Across the records below, report how many lines include the word "thesis", stating the number alone.

● **Saved entries**
------------

lemma det_eq_pivot_mult_det_schur_compl:
  assumes A: "A \<in> carrier_mat (Suc n) (Suc n)" and pivot: "A $$ (0, 0) \<noteq> 0"
  shows "det A = A $$ (0, 0) * det (schur_compl n A)"
proof -
  define r where "r i = (if i = 0 then 0 else A $$ (i, 0) / A $$ (0, 0))" for i
  define E where "E = mat (Suc n) (Suc n) (\<lambda>(i, l). (if l = i then 1 else 0) - (if l = 0 then r i else 0))"
  have E: "E \<in> carrier_mat (Suc n) (Suc n)" by (simp add: E_def)
  have det_E: "det E = 1"
    by (subst det_lower_triangular[OF _ E]) (auto simp: E_def r_def prod_list_diag_prod cong: if_cong)
  have EA: "E * A = mat (Suc n) (Suc n) (\<lambda>(i, j). A $$ (i, j) - r i * A $$ (0, j))"
    by (rule eq_matI) (use A in \<open>simp_all add: E_def scalar_prod_def left_diff_distrib
        sum_subtractf atLeast0LessThan if_distrib[of "\<lambda>x. x * _"] del: sum.lessThan_Suc cong: if_cong\<close>)
  have "det A = det (E * A)" using det_mult[OF E A] det_E by simp
  also have "\<dots> = (\<Sum>i<Suc n. (E * A) $$ (i, 0) * cofactor (E * A) i 0)"
    by (rule laplace_expansion_column) (simp_all add: EA)
  also have "\<dots> = A $$ (0, 0) * det (mat_delete (E * A) 0 0)"
    using pivot by (simp add: EA r_def cofactor_def sum.lessThan_Suc_shift del: sum.lessThan_Suc)
  also have "mat_delete (E * A) 0 0 = schur_compl n A"
    by (rule eq_matI) (simp_all add: EA mat_delete_def schur_compl_def r_def)
  finally show ?thesis .
qed

lemma psd_mat_schur_compl:
  assumes sym: "\<And>i j. i < Suc n \<Longrightarrow> j < Suc n \<Longrightarrow> A $$ (j, i) = A $$ (i, j)"
    and psd: "psd_mat (Suc n) A" and pivot: "A $$ (0, 0) > 0"
  shows "psd_mat n (schur_compl n A)"
  unfolding psd_mat_def
proof
  fix v :: "nat \<Rightarrow> real"
  let ?a = "A $$ (0, 0)"
  define c where "c = (\<Sum>j<n. A $$ (0, Suc j) * v j)"
  \<comment> \<open>extend v by the first coordinate minimising the quadratic form of A\<close>
  define w where "w l = (if l = 0 then - c / ?a else v (l - 1))" for l
  define vAv where "vAv = (\<Sum>i<n. \<Sum>j<n. v i * A $$ (Suc i, Suc j) * v j)"
  have c_sym: "(\<Sum>i<n. v i * A $$ (Suc i, 0)) = c"
    unfolding c_def by (rule sum.cong) (use sym in auto)
  have "quad_form (Suc n) A w = w 0 * ?a * w 0 + w 0 * (\<Sum>j<n. A $$ (0, Suc j) * w (Suc j))
      + (\<Sum>i<n. w (Suc i) * A $$ (Suc i, 0)) * w 0
      + (\<Sum>i<n. \<Sum>j<n. w (Suc i) * A $$ (Suc i, Suc j) * w (Suc j))"
    by (simp add: quad_form_def sum.lessThan_Suc_shift sum.distrib sum_distrib_left
        sum_distrib_right mult_ac del: sum.lessThan_Suc)
  also have "\<dots> = vAv - c * c / ?a"
    using pivot by (simp add: w_def c_sym flip: c_def vAv_def)
  also have "\<dots> = vAv - (\<Sum>i<n. v i * A $$ (Suc i, 0)) * c / ?a"
    by (simp add: c_sym)
  also have "\<dots> = vAv - (\<Sum>i<n. \<Sum>j<n. v i * A $$ (Suc i, 0) * (A $$ (0, Suc j) * v j)) / ?a"
    unfolding c_def sum_product ..
  also have "\<dots> = quad_form n (schur_compl n A) v"
    unfolding quad_form_def schur_compl_def vAv_def
    by (simp add: right_diff_distrib left_diff_distrib sum_subtractf sum_divide_distrib mult_ac)
  finally show "0 \<le> quad_form n (schur_compl n A) v"
    using psd unfolding psd_mat_def by metis
qed

lemma schur_compl_diag_le:
  assumes "A $$ (Suc i, 0) = A $$ (0, Suc i)" "A $$ (0, 0) > 0" "i < n"
  shows "schur_compl n A $$ (i, i) \<le> A $$ (Suc i, Suc i)"
  using assms by (simp add: schur_compl_def)

theorem det_le_prod_diag_if_psd:
  fixes A :: "real mat"
  assumes "A \<in> carrier_mat n n" "\<And>i j. i < n \<Longrightarrow> j < n \<Longrightarrow> A $$ (j, i) = A $$ (i, j)"
    and "psd_mat n A"
  shows "det A \<le> (\<Prod>i<n. A $$ (i, i))"
  using assms
proof (induction n arbitrary: A)
  case 0
  then show ?case
    using det_upper_triangular[OF _ "0.prems"(1)] by (simp add: upper_triangular_def prod_list_diag_prod)
next
  case (Suc n)
  note A = Suc.prems(1) and sym = Suc.prems(2) and psd = Suc.prems(3)
  have diag_nonneg: "0 \<le> A $$ (i, i)" if "i < Suc n" for i
    by (rule psd_mat_diag_nonneg[OF psd that])
  show ?case
  proof (cases "A $$ (0, 0) = 0")
    case True
    have "A $$ (0, j) = 0" if "j < Suc n" for j
      using psd_mat_zero_diag_entry[OF psd _ that True sym[of 0 j]] that by simp
    then have "det A = 0"
      using laplace_expansion_row[OF A, of 0] by simp
    moreover have "0 \<le> (\<Prod>i<Suc n. A $$ (i, i))"
      by (rule prod_nonneg) (use diag_nonneg in auto)
    ultimately show ?thesis by simp
  next
    case False
    then have pivot: "A $$ (0, 0) > 0" using diag_nonneg[of 0] by simp
    let ?B = "schur_compl n A"
    have B_psd: "psd_mat n ?B" by (rule psd_mat_schur_compl[OF sym psd pivot])
    have "det ?B \<le> (\<Prod>i<n. ?B $$ (i, i))"
      by (rule Suc.IH) (use B_psd sym in \<open>auto simp: schur_compl_def\<close>)
    moreover have "(\<Prod>i<n. ?B $$ (i, i)) \<le> (\<Prod>i<n. A $$ (Suc i, Suc i))"
      by (rule prod_mono) (use psd_mat_diag_nonneg[OF B_psd] schur_compl_diag_le sym pivot in auto)
    ultimately have "det A \<le> A $$ (0, 0) * (\<Prod>i<n. A $$ (Suc i, Suc i))"
      unfolding det_eq_pivot_mult_det_schur_compl[OF A False] using pivot by simp
    also have "\<dots> = (\<Prod>i<Suc n. A $$ (i, i))"
      by (simp add: prod.lessThan_Suc_shift del: prod.lessThan_Suc)
    finally show ?thesis .
  qed
qed

definition gram_mat :: "nat \<Rightarrow> 'a set \<Rightarrow> ('a \<Rightarrow> real) \<Rightarrow> (nat \<Rightarrow> 'a \<Rightarrow> real) \<Rightarrow> real mat" where
  "gram_mat n S c g = mat n n (\<lambda>(i, j). \<Sum>x\<in>S. c x * g i x * g j x)"

lemma mult_sum_mult_sum:
  fixes c :: real
  shows "c * (\<Sum>a\<in>A. f a) * (\<Sum>b\<in>B. g b) = (\<Sum>a\<in>A. \<Sum>b\<in>B. c * f a * g b)"
  by (subst sum.swap) (simp add: sum_distrib_left sum_distrib_right mult.assoc)

lemma gram_mat_change_basis:
  assumes P: "P \<in> carrier_mat n n" and g: "\<And>i x. i < n \<Longrightarrow> g i x = (\<Sum>m<n. P $$ (i, m) * h m x)"
  shows "gram_mat n S c g = P * gram_mat n S c h * transpose_mat P"
proof (rule eq_matI)
  fix i j assume "i < dim_row (P * gram_mat n S c h * transpose_mat P)"
    "j < dim_col (P * gram_mat n S c h * transpose_mat P)"
  then have ij: "i < n" "j < n" using P by auto
  have "(P * gram_mat n S c h * transpose_mat P) $$ (i, j)
      = (\<Sum>b<n. \<Sum>a<n. \<Sum>x\<in>S. c x * (P $$ (i, a) * h a x) * (P $$ (j, b) * h b x))"
    using P ij by (simp add: gram_mat_def scalar_prod_def atLeast0LessThan sum_distrib_left
        sum_distrib_right mult_ac)
  also have "\<dots> = (\<Sum>x\<in>S. \<Sum>a<n. \<Sum>b<n. c x * (P $$ (i, a) * h a x) * (P $$ (j, b) * h b x))"
    by (simp only: sum.swap[where B = S]) (rule sum.cong[OF refl sum.swap])
  also have "\<dots> = (\<Sum>x\<in>S. c x * (\<Sum>a<n. P $$ (i, a) * h a x) * (\<Sum>b<n. P $$ (j, b) * h b x))"
    by (simp only: mult_sum_mult_sum)
  also have "\<dots> = gram_mat n S c g $$ (i, j)"
    using ij by (simp add: gram_mat_def g)
  finally show "gram_mat n S c g $$ (i, j) = (P * gram_mat n S c h * transpose_mat P) $$ (i, j)" ..
qed (use P in \<open>auto simp: gram_mat_def\<close>)

lemma quad_form_gram_mat:
  "quad_form n (gram_mat n S c h) v = (\<Sum>x\<in>S. c x * (\<Sum>i<n. v i * h i x)\<^sup>2)"
proof -
  have "quad_form n (gram_mat n S c h) v
      = (\<Sum>i<n. \<Sum>j<n. \<Sum>x\<in>S. c x * (v i * h i x) * (v j * h j x))"
    by (simp add: quad_form_def gram_mat_def sum_distrib_left sum_distrib_right mult_ac)
  also have "\<dots> = (\<Sum>x\<in>S. c x * (\<Sum>i<n. v i * h i x)\<^sup>2)"
    by (simp only: sum.swap[where B = S] power2_eq_square mult.assoc[symmetric] mult_sum_mult_sum)
  finally show ?thesis .
qed

lemma psd_gram_mat:
  assumes "\<And>x. x \<in> S \<Longrightarrow> 0 \<le> c x"
  shows "psd_mat n (gram_mat n S c h)"
  unfolding psd_mat_def quad_form_gram_mat using assms by (auto intro: sum_nonneg)

lemma det_gram_mat_le_prod_diag:
  assumes "\<And>x. x \<in> S \<Longrightarrow> 0 \<le> c x"
  shows "det (gram_mat n S c h) \<le> (\<Prod>i<n. gram_mat n S c h $$ (i, i))"
  by (rule det_le_prod_diag_if_psd[OF _ _ psd_gram_mat[OF assms]]) (auto simp: gram_mat_def mult_ac)

lemma prod_le_one_if_sum_le_card:
  fixes r :: "'a \<Rightarrow> real"
  assumes "finite A" "\<And>a. a \<in> A \<Longrightarrow> 0 \<le> r a" "(\<Sum>a\<in>A. r a) \<le> real (card A)"
  shows "(\<Prod>a\<in>A. r a) \<le> 1"
proof (cases "\<exists>a\<in>A. r a = 0")
  case True
  then show ?thesis using assms(1) by (simp add: prod_zero)
next
  case False
  then have pos: "0 < r a" if "a \<in> A" for a
    using assms(2) that by force
  have "ln (\<Prod>a\<in>A. r a) = (\<Sum>a\<in>A. ln (r a))"
    by (rule ln_prod[OF assms(1)]) (use pos in fastforce)
  also have "\<dots> \<le> (\<Sum>a\<in>A. r a - 1)"
    by (intro sum_mono ln_le_minus_one pos)
  also have "\<dots> \<le> 0"
    using assms(3) by (simp add: sum_subtractf)
  finally show ?thesis using pos by (simp add: prod_pos)
qed

lemma prod_le_prod_if_sum_ratios_le_card:
  fixes h d :: "'a \<Rightarrow> real"
  assumes "finite A" "\<And>a. a \<in> A \<Longrightarrow> 0 \<le> h a" "\<And>a. a \<in> A \<Longrightarrow> 0 < d a"
    and "(\<Sum>a\<in>A. h a / d a) \<le> real (card A)"
  shows "(\<Prod>a\<in>A. h a) \<le> (\<Prod>a\<in>A. d a)"
proof -
  have "(\<Prod>a\<in>A. h a) / (\<Prod>a\<in>A. d a) \<le> 1"
    unfolding prod_dividef[symmetric]
    by (rule prod_le_one_if_sum_le_card) (use assms in \<open>auto intro: divide_nonneg_pos\<close>)
  moreover have "0 < (\<Prod>a\<in>A. d a)" using assms(3) by (simp add: prod_pos)
  ultimately show ?thesis by simp
qed

section \<open>Monomials and the Lagrange basis of the grid {0,a}^k\<close>

lemma monset_subset: "monset k m \<subseteq> {..<k}"
  unfolding monset_def by auto

lemma monset_eq_bits:
  assumes "m < 2 ^ k"
  shows "monset k m = {j. bit m j}"
  using assms unfolding monset_def by (auto, metis bit_take_bit_iff take_bit_nat_eq_self_iff)

lemma bij_betw_monset: "bij_betw (monset k) {..<2 ^ k} (Pow {..<k})"
proof -
  have inj: "inj_on (monset k) {..<2 ^ k}"
    by (rule inj_onI) (simp add: monset_eq_bits set_eq_iff bit_eq_iff)
  have "monset k ` {..<2 ^ k} = Pow {..<k}"
    by (rule card_subset_eq) (use monset_subset card_image[OF inj] in \<open>auto simp: card_Pow\<close>)
  then show ?thesis using inj unfolding bij_betw_def by blast
qed

lemma monset_0: "monset k 0 = {}"
  unfolding monset_def by simp

lemma monset_two_power: "j < k \<Longrightarrow> monset k (2 ^ j) = {j}"
  unfolding monset_def by (auto simp: bit_exp_iff)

------------

● **Exercise output**
8